Exercise details: Retype, word for word, every line of the records below starting at the one that contains "(sin \<theta> * cos \<theta>)" and ending at the one that contains "r) * (sin \<theta>)\<^sup>2)"; include both of those lines and nothing more.

Records supplied:
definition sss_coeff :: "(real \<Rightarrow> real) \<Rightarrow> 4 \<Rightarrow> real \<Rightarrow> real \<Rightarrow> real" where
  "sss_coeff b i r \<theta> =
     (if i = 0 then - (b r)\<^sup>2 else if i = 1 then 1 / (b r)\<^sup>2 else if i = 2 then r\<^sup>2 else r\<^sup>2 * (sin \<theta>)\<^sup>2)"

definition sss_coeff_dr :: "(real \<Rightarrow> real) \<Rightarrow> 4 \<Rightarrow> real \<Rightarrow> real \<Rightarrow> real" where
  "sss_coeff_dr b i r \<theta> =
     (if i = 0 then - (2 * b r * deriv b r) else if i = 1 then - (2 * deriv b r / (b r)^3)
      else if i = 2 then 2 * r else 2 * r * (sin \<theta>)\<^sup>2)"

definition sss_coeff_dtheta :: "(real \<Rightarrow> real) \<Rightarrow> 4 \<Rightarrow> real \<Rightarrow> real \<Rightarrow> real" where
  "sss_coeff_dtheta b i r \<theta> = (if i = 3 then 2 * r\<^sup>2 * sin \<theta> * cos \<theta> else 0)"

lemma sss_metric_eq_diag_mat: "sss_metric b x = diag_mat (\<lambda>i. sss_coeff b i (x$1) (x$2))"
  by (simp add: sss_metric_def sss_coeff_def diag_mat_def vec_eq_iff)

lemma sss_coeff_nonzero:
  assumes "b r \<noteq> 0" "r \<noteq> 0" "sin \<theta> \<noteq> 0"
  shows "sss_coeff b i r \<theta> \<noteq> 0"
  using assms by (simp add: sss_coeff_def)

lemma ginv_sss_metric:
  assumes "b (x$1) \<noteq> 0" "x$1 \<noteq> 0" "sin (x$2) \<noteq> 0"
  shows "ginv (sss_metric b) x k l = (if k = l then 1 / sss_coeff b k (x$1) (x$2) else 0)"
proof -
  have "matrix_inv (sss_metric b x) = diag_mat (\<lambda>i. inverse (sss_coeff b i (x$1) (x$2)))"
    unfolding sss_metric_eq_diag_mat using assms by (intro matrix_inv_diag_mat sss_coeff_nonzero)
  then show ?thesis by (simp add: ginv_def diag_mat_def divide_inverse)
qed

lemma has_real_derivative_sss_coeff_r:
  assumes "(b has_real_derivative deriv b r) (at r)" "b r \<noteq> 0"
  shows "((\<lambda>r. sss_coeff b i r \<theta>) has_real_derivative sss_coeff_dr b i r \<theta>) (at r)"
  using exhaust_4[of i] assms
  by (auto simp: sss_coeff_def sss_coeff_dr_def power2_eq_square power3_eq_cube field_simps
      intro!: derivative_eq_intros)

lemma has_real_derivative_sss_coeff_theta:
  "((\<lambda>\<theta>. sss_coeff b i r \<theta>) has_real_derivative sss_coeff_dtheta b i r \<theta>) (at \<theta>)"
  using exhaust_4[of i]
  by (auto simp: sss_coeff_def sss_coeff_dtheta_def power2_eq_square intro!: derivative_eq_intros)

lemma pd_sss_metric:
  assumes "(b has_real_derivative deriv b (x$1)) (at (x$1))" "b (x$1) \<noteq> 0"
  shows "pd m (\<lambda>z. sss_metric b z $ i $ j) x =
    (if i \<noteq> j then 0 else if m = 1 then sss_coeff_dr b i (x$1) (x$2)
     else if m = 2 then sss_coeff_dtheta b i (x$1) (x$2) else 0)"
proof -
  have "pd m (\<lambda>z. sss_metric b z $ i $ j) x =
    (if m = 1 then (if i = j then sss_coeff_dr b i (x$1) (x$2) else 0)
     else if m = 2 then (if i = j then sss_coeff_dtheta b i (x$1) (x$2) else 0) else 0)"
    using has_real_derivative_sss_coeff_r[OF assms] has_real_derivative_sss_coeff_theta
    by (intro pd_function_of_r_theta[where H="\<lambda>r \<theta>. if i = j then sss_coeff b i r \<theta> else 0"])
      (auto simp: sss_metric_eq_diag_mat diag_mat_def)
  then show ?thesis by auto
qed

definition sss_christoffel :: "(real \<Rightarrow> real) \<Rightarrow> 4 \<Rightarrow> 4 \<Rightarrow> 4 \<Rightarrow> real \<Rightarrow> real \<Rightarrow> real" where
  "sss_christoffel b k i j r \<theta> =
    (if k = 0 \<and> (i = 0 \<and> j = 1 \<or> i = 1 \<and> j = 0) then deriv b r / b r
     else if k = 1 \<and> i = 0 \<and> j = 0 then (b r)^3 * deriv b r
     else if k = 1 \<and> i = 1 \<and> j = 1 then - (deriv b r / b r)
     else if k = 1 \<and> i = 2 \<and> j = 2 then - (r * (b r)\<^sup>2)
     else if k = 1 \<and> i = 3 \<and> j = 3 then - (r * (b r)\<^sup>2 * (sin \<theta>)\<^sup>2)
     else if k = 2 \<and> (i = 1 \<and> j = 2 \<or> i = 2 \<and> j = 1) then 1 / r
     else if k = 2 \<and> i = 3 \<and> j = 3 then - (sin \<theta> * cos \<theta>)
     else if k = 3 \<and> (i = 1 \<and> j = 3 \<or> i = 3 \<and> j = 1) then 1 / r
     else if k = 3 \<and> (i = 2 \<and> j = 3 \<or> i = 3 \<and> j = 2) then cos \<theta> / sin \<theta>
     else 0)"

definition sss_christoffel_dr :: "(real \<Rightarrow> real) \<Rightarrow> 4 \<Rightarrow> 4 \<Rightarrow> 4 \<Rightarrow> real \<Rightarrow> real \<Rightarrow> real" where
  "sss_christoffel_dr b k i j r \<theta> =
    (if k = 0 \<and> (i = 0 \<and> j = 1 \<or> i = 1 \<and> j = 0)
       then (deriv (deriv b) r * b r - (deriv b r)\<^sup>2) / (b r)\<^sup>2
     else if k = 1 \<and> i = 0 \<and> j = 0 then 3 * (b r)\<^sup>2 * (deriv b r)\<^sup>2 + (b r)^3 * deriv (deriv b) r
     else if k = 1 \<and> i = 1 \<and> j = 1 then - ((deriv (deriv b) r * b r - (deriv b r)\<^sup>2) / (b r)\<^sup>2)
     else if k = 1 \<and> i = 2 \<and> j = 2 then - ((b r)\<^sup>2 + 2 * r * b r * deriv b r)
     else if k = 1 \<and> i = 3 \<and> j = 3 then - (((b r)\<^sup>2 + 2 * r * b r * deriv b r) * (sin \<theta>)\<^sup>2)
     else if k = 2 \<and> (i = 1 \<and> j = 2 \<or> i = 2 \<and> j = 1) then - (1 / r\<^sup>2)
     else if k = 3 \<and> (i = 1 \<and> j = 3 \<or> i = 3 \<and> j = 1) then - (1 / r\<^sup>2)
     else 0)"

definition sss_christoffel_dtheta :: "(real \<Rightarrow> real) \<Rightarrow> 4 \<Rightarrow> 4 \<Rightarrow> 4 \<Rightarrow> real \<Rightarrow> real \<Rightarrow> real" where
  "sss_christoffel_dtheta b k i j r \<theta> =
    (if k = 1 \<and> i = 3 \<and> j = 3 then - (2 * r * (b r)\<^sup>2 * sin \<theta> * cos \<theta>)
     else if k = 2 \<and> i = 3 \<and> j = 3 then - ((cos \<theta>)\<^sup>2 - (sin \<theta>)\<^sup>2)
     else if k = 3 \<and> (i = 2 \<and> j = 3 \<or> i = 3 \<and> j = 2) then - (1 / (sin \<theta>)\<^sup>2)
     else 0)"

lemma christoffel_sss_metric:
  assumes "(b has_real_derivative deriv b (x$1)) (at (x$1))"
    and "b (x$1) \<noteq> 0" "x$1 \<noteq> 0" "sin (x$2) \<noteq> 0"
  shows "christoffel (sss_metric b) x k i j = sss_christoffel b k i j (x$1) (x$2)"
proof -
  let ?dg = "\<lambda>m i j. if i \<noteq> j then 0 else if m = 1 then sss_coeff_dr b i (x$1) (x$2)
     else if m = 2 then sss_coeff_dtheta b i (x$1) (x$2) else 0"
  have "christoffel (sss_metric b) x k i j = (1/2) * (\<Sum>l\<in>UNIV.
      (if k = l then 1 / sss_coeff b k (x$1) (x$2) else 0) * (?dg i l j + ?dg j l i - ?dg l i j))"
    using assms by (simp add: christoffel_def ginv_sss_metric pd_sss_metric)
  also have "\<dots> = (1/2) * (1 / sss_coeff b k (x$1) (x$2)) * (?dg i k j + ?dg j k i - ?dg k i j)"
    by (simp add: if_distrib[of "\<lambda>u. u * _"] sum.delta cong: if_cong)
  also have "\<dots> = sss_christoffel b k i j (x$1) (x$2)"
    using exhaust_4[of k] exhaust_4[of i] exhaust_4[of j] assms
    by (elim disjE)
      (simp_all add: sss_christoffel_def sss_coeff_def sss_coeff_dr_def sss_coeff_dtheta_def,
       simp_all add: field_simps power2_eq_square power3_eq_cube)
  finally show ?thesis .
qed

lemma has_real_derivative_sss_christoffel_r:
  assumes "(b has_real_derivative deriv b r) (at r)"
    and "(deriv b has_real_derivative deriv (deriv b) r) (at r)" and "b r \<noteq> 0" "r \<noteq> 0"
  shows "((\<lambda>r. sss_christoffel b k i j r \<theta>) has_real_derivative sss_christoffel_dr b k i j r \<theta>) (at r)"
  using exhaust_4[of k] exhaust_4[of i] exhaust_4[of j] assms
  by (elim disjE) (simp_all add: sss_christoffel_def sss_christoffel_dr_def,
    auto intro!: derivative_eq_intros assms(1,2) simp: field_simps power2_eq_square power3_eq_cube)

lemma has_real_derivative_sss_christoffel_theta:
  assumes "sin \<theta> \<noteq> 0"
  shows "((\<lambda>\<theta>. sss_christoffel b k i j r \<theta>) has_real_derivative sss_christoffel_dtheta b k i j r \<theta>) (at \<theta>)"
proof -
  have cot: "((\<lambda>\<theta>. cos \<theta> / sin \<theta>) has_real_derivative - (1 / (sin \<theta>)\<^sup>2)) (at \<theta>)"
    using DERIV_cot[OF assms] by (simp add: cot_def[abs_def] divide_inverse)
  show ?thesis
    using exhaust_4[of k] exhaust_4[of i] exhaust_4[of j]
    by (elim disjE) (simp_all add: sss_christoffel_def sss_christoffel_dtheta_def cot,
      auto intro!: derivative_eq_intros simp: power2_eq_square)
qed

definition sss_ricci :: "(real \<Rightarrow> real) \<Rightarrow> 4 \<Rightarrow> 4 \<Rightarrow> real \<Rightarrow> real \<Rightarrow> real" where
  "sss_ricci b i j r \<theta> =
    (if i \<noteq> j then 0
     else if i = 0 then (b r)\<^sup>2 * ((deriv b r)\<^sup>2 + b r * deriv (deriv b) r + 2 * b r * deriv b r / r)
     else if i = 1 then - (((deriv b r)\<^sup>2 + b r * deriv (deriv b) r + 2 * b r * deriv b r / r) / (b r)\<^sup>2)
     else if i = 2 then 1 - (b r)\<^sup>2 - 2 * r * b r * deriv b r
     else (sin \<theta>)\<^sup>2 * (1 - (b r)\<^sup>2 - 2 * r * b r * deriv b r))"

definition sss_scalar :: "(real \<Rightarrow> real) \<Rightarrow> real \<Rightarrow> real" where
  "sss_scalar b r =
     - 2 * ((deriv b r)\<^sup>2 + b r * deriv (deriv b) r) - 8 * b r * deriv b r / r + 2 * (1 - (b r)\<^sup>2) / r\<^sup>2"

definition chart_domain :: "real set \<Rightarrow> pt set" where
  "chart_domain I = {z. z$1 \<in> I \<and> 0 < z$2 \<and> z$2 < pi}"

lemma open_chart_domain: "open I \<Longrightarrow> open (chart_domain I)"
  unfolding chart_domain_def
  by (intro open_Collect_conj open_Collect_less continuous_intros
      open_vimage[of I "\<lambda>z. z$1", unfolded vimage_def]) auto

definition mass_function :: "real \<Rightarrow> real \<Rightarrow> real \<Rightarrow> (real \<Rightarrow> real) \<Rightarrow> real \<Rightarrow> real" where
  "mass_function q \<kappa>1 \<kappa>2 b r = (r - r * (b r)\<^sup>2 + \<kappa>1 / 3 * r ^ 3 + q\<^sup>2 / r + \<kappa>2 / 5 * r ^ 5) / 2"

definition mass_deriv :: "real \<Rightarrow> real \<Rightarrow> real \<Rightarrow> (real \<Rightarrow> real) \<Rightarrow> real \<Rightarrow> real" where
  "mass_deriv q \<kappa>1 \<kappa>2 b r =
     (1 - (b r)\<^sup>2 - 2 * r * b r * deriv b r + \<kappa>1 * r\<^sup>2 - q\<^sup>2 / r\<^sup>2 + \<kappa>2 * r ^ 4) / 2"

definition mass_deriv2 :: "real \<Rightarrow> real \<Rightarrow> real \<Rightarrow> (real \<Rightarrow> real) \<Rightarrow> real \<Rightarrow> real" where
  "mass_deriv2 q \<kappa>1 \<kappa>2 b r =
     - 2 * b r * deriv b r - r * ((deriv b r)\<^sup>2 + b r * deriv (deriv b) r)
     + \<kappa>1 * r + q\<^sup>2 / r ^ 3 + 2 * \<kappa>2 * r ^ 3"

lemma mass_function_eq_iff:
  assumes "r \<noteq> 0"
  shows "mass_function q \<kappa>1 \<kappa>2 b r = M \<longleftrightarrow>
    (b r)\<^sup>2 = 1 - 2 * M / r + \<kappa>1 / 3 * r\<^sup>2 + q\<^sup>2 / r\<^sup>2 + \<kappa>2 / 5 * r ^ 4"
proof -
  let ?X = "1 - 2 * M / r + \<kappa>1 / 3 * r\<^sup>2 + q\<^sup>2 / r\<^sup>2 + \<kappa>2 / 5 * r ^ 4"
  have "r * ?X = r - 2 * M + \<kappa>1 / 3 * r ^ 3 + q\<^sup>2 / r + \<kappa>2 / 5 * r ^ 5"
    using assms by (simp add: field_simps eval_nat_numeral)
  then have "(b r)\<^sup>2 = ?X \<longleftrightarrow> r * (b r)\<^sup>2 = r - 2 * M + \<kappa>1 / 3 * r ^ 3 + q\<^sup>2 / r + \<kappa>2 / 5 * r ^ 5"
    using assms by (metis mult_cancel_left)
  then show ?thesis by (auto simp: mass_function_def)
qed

---

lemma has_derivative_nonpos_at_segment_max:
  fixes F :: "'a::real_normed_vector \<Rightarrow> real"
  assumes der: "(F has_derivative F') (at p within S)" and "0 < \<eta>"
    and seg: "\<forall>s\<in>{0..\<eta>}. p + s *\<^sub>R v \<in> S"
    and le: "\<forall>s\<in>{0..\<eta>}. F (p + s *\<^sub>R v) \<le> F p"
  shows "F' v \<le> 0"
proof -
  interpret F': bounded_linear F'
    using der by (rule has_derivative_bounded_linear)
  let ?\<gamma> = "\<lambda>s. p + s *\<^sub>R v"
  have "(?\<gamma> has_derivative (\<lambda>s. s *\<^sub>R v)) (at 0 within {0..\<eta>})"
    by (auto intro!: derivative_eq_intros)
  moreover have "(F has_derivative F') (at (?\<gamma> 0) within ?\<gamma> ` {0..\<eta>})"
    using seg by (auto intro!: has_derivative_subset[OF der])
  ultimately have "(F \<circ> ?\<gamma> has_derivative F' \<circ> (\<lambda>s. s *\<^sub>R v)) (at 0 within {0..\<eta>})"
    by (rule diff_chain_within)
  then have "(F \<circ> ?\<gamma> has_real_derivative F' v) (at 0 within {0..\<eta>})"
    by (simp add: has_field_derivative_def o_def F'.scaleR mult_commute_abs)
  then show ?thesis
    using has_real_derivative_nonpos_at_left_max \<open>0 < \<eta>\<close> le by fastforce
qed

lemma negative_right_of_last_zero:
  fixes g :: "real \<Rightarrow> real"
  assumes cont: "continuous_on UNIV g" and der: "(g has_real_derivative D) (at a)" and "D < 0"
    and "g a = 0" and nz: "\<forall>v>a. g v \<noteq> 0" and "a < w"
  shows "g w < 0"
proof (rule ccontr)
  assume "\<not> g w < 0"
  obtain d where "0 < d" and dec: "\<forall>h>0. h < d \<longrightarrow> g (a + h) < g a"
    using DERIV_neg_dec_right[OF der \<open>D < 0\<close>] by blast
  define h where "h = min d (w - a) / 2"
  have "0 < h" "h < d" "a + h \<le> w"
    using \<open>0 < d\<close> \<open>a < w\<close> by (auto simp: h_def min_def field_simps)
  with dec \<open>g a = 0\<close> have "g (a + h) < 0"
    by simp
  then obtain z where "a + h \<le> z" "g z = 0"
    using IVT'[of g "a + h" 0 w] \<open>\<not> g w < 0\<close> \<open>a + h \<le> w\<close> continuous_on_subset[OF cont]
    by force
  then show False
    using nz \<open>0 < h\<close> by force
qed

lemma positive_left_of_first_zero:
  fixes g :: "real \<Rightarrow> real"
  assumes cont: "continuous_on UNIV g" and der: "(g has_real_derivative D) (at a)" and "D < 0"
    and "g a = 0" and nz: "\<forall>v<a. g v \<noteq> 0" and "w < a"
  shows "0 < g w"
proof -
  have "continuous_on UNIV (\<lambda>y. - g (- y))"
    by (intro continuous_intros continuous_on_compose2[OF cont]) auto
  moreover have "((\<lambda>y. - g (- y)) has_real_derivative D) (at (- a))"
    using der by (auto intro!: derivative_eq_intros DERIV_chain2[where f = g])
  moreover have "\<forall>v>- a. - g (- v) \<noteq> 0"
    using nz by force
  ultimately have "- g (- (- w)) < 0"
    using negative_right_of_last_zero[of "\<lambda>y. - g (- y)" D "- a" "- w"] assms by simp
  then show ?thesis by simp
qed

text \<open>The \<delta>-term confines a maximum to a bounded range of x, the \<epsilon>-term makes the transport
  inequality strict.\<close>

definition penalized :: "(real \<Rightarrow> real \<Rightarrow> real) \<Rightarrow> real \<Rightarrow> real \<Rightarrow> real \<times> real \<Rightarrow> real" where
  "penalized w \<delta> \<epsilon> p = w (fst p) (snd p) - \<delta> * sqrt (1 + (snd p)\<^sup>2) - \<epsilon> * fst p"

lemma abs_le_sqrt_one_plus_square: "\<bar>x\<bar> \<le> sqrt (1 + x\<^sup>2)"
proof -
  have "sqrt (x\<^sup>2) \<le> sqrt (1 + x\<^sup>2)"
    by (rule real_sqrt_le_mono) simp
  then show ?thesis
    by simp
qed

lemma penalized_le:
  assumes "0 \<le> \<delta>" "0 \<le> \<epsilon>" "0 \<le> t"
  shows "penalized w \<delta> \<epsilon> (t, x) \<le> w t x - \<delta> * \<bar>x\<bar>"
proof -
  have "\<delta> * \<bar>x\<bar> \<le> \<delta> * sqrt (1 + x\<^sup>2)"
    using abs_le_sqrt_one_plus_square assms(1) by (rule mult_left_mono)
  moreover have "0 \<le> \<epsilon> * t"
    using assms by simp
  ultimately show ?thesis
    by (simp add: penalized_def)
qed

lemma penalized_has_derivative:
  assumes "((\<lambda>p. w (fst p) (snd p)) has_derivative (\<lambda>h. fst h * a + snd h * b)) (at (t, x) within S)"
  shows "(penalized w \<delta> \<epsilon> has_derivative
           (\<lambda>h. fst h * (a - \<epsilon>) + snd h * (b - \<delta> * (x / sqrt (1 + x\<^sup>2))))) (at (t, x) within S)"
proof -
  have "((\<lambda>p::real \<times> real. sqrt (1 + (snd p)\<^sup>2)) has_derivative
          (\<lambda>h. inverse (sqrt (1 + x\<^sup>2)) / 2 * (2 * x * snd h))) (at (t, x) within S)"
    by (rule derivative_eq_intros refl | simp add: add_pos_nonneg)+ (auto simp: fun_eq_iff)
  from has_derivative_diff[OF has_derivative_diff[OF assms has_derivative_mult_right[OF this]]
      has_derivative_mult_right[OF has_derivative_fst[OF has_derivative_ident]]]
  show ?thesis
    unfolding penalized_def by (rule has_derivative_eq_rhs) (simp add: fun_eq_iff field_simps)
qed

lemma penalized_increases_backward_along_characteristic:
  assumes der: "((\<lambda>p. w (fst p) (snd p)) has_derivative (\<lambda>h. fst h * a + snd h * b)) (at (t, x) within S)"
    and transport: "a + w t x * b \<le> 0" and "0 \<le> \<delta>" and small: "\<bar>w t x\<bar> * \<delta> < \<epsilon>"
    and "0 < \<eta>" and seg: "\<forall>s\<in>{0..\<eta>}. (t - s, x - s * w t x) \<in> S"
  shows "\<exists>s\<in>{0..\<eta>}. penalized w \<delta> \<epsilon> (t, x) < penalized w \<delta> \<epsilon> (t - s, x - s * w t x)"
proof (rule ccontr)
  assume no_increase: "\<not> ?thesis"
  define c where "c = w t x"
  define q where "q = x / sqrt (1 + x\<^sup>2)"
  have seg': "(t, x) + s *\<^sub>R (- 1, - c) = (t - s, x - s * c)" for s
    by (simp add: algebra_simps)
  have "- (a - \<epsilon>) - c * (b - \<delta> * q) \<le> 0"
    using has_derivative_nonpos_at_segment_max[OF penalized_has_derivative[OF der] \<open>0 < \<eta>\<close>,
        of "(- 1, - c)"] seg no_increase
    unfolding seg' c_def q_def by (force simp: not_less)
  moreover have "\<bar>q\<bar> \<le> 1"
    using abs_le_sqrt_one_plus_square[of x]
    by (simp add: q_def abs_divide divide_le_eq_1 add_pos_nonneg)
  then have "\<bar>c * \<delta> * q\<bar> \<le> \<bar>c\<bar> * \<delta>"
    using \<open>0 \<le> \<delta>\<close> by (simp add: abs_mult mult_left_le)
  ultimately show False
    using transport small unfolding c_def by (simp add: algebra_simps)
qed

Response to this exercise:
     else if k = 2 \<and> i = 3 \<and> j = 3 then - (sin \<theta> * cos \<theta>)
     else if k = 3 \<and> (i = 1 \<and> j = 3 \<or> i = 3 \<and> j = 1) then 1 / r
     else if k = 3 \<and> (i = 2 \<and> j = 3 \<or> i = 3 \<and> j = 2) then cos \<theta> / sin \<theta>
     else 0)"

definition sss_christoffel_dr :: "(real \<Rightarrow> real) \<Rightarrow> 4 \<Rightarrow> 4 \<Rightarrow> 4 \<Rightarrow> real \<Rightarrow> real \<Rightarrow> real" where
  "sss_christoffel_dr b k i j r \<theta> =
    (if k = 0 \<and> (i = 0 \<and> j = 1 \<or> i = 1 \<and> j = 0)
       then (deriv (deriv b) r * b r - (deriv b r)\<^sup>2) / (b r)\<^sup>2
     else if k = 1 \<and> i = 0 \<and> j = 0 then 3 * (b r)\<^sup>2 * (deriv b r)\<^sup>2 + (b r)^3 * deriv (deriv b) r
     else if k = 1 \<and> i = 1 \<and> j = 1 then - ((deriv (deriv b) r * b r - (deriv b r)\<^sup>2) / (b r)\<^sup>2)
     else if k = 1 \<and> i = 2 \<and> j = 2 then - ((b r)\<^sup>2 + 2 * r * b r * deriv b r)
     else if k = 1 \<and> i = 3 \<and> j = 3 then - (((b r)\<^sup>2 + 2 * r * b r * deriv b r) * (sin \<theta>)\<^sup>2)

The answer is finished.